**Required work**
Go through the material and return every line that contains the string "intro".

**Extracted data**
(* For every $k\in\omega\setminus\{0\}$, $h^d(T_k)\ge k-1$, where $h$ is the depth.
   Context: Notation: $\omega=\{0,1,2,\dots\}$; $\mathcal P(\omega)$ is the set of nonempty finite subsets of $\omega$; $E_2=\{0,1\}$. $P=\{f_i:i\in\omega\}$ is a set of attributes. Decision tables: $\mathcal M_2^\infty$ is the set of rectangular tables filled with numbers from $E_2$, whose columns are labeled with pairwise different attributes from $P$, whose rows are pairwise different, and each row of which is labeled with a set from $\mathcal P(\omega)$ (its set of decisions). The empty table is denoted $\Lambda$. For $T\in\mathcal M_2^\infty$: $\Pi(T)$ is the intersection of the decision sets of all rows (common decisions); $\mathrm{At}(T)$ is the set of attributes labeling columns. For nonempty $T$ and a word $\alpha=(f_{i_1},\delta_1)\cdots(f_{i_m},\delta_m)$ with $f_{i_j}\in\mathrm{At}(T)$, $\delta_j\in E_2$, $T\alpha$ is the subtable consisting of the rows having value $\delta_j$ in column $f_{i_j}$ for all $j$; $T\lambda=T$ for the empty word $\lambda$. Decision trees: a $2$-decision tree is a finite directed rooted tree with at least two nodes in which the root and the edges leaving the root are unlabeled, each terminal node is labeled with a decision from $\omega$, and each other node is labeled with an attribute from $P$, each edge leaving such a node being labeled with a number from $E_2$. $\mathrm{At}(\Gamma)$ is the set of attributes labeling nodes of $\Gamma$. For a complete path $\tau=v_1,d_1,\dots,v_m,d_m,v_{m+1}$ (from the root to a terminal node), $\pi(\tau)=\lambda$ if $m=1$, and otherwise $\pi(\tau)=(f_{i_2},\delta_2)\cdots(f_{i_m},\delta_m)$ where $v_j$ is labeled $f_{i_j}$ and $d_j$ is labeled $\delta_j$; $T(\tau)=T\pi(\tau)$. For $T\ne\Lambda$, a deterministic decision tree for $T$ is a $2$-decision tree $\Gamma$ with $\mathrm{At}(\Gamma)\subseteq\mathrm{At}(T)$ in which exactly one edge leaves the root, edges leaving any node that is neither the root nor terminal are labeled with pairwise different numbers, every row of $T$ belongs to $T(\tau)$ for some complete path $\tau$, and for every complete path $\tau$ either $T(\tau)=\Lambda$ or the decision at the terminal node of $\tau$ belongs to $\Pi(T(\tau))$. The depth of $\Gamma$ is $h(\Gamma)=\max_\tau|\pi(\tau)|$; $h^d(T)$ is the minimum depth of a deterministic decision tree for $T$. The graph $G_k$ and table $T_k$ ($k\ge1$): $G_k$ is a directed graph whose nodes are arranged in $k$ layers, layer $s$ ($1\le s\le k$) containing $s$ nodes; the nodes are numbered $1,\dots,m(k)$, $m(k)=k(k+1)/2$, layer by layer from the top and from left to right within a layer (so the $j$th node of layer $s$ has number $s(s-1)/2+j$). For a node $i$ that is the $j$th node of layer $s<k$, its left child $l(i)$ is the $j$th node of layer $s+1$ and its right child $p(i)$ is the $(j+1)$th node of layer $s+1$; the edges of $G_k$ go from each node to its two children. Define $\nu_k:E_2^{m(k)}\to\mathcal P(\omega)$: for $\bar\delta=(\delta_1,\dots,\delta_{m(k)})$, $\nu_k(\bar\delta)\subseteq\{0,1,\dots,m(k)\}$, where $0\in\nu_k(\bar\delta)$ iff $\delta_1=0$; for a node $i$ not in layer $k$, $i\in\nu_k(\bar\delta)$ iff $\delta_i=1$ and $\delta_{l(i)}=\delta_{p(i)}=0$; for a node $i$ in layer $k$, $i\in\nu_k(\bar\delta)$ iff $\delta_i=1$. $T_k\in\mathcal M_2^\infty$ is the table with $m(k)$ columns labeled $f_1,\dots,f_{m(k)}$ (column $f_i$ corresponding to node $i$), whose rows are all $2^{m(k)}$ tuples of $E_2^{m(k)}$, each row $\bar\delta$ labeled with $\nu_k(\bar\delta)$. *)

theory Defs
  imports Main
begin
--
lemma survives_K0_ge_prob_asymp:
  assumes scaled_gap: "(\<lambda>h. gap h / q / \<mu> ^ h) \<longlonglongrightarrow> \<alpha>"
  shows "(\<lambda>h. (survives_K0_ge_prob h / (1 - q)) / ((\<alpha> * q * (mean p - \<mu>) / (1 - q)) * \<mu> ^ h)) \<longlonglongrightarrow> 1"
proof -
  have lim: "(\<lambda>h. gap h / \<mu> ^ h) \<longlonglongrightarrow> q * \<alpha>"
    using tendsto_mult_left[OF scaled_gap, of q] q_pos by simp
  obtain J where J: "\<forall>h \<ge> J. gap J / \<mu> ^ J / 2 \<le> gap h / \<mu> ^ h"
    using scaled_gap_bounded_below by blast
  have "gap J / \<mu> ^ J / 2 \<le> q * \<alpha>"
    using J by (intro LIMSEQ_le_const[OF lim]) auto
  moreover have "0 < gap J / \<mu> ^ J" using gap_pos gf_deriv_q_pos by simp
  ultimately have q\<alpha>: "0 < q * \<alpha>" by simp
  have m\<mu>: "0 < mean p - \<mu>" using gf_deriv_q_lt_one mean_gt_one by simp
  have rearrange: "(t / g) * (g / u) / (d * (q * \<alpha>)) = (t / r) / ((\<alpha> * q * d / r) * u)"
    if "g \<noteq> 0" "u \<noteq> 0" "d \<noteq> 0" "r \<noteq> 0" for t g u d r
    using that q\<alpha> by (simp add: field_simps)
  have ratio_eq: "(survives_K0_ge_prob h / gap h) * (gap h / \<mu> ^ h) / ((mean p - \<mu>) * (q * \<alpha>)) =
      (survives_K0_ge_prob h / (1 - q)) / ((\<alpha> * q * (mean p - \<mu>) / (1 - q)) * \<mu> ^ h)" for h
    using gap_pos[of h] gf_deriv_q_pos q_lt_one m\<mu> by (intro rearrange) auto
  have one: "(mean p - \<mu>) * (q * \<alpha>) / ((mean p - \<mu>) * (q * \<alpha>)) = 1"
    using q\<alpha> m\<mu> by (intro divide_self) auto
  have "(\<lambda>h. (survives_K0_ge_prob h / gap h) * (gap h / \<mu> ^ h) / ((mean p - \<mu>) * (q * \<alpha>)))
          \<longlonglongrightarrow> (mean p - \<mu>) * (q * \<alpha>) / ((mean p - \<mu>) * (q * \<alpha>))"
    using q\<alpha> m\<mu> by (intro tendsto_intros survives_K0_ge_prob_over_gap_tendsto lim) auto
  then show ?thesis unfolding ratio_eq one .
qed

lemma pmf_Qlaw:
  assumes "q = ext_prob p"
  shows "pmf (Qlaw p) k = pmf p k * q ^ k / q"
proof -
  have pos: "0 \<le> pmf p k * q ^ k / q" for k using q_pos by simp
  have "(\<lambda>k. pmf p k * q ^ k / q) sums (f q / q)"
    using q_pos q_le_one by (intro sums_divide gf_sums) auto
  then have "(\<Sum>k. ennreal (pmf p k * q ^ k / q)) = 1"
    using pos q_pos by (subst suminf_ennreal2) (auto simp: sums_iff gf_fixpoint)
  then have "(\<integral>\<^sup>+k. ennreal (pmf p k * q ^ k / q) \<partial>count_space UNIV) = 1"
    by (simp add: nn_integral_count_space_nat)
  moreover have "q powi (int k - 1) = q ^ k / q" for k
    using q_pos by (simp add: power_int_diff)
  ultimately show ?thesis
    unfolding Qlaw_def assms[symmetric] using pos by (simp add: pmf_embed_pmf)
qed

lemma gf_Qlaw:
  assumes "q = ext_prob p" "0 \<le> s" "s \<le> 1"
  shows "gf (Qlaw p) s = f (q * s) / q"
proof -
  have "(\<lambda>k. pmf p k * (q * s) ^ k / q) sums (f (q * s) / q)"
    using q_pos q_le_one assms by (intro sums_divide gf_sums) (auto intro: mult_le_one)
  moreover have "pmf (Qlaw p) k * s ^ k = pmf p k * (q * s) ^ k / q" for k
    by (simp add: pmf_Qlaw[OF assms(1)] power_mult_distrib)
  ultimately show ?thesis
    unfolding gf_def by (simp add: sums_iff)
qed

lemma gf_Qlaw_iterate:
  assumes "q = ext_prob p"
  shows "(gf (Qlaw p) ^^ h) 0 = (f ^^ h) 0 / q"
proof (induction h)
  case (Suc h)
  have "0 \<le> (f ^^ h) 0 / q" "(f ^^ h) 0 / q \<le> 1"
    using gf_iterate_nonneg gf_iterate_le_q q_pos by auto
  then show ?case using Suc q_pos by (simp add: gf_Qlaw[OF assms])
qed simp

**Solution to the problem**
    using J by (intro LIMSEQ_le_const[OF lim]) auto
    using gap_pos[of h] gf_deriv_q_pos q_lt_one m\<mu> by (intro rearrange) auto
    using q\<alpha> m\<mu> by (intro divide_self) auto
    using q\<alpha> m\<mu> by (intro tendsto_intros survives_K0_ge_prob_over_gap_tendsto lim) auto
    using q_pos q_le_one by (intro sums_divide gf_sums) auto
    using q_pos q_le_one assms by (intro sums_divide gf_sums) (auto intro: mult_le_one)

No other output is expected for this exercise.